Warnings and precautions

Talk to your doctor before starting to use this medicine:

• if you or a member of your family has an abnormality of the electrocardiogram (ECG) called "long QT syndrome".
• if you have kidney problems.
• if you have lung problems.
• if you have heart problems.
• if you have low blood pressure or feel weak and dizzy when standing up.
• if you are taking any medicine to treat high blood pressure.
• if you feel sick or are being sick.
• if you are elderly or weak.
• if you have any mental disorder at the time of starting Apodev.
• if you are taking levodopa (another treatment for Parkinson's disease) in addition to apomorphine, your doctor should check your blood regularly.

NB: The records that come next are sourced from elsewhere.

lemma congruence_inf: "(x, y) \<in> \<theta> \<Longrightarrow> (u, v) \<in> \<theta> \<Longrightarrow> (x \<sqinter> u, y \<sqinter> v) \<in> \<theta>"
  and congruence_sup: "(x, y) \<in> \<theta> \<Longrightarrow> (u, v) \<in> \<theta> \<Longrightarrow> (x \<squnion> u, y \<squnion> v) \<in> \<theta>"
  and congruence_neg: "(x, y) \<in> \<theta> \<Longrightarrow> (N x, N y) \<in> \<theta>"
  and congruence_pseudocomp: "(x, y) \<in> \<theta> \<Longrightarrow> (P x, P y) \<in> \<theta>"
  and congruence_t: "(x, y) \<in> \<theta> \<Longrightarrow> (t x, t y) \<in> \<theta>"
  using \<theta> unfolding ck_congruence_def by blast+

lemma congruence_meets:
  "(\<And>i. (f i, g i) \<in> \<theta>) \<Longrightarrow> (meets (map f is), meets (map g is)) \<in> \<theta>"
  unfolding meets_def by (induction "is") (simp_all add: congruence_refl congruence_inf)

lemma congruence_core: "(x, y) \<in> \<theta> \<Longrightarrow> (core x, core y) \<in> \<theta>"
proof -
  assume "(x, y) \<in> \<theta>"
  then have "((t ^^ i) x, (t ^^ i) y) \<in> \<theta>" for i
    by (induction i) (simp_all add: congruence_t)
  then have "(delta ((t ^^ i) x), delta ((t ^^ i) y)) \<in> \<theta>" for i
    unfolding delta_def by (intro congruence_inf congruence_pseudocomp congruence_neg)
  then show ?thesis
    unfolding core_def by (rule congruence_meets)
qed
lemma compact_partition_subordinate:
  fixes K :: "'a::t2_space set"
  assumes K: "compact K" and nbhd: "\<And>x. \<exists>U. open U \<and> x \<in> U \<and> (\<forall>y\<in>U. R y x)"
  obtains C :: "nat \<Rightarrow> 'a set" and m :: nat and c :: "nat \<Rightarrow> 'a" where
    "\<And>j. C j \<in> sets borel" "disjoint_family_on C {..<m}" "(\<Union>j<m. C j) = K"
    "\<And>j y. j < m \<Longrightarrow> y \<in> C j \<Longrightarrow> R y (c j)"
proof -
  obtain U where U: "\<And>x. open (U x)" "\<And>x. x \<in> U x" "\<And>x y. y \<in> U x \<Longrightarrow> R y x"
    using nbhd by metis
  obtain T where T: "finite T" "K \<subseteq> (\<Union>x\<in>T. U x)"
    by (rule compactE_image[OF K, of K U]) (use U in auto)
  obtain c where c: "bij_betw c {..<card T} T"
    using ex_bij_betw_nat_finite[OF T(1)] atLeast0LessThan by metis
  define C where "C j = K \<inter> U (c j) - (\<Union>l<j. U (c l))" for j
  show ?thesis
  proof
    show "C j \<in> sets borel" for j
      unfolding C_def using U(1) compact_imp_closed[OF K] by (intro sets.Diff sets.Int sets.finite_UN) auto
    show "disjoint_family_on C {..<card T}"
      unfolding disjoint_family_on_def
    proof (intro ballI impI)
      fix i j :: nat assume "i \<noteq> j"
      then consider "i < j" | "j < i"
        by linarith
      then show "C i \<inter> C j = {}"
        by cases (auto simp: C_def)
    qed
    show "(\<Union>j<card T. C j) = K"
    proof
      show "K \<subseteq> (\<Union>j<card T. C j)"
      proof
        fix y assume y: "y \<in> K"
        then obtain x where "x \<in> T" "y \<in> U x"
          using T(2) by blast
        then obtain j0 where j0: "j0 < card T" "y \<in> U (c j0)"
          using c by (metis bij_betw_imp_surj_on imageE lessThan_iff)
        define j where "j = (LEAST j. y \<in> U (c j))"
        have "y \<in> U (c j)" "j \<le> j0"
          unfolding j_def using j0 by (auto intro: LeastI Least_le)
        moreover have "y \<notin> U (c l)" if "l < j" for l
          using not_less_Least[of l "\<lambda>j. y \<in> U (c j)"] that unfolding j_def by auto
        ultimately show "y \<in> (\<Union>j<card T. C j)"
          unfolding C_def using y j0 by auto
      qed
    qed (auto simp: C_def)
    show "R y (c j)" if "y \<in> C j" for j y
      using that U(3) unfolding C_def by auto
  qed
qed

Before using this medicine, your doctor will perform an ECG (electrocardiogram) and ask for a list of all other medicines you are taking. This ECG will be repeated in the first days of treatment and at any time if your doctor considers it necessary. Your doctor will also ask about other diseases you may have, particularly about your heart. Some of the questions and investigations may be repeated at each medical visit. If you experience symptoms that may come from the heart, such as palpitations, fainting or near-fainting, you should inform your doctor immediately. Also, if you experience diarrhea or start taking a new medicine, you should inform your doctor.

Tell your doctor if you or your family/caregiver notice that you are developing impulses or desires to behave in an unusual way for you and cannot resist the impulse, desire or temptation to perform certain activities that could harm yourself or others. These are called impulse control disorders and may include behaviors such as gambling addiction, overeating or overspending, abnormally high sexual desire or increased sexual thoughts or feelings. Your doctor may need to adjust or stop your dose.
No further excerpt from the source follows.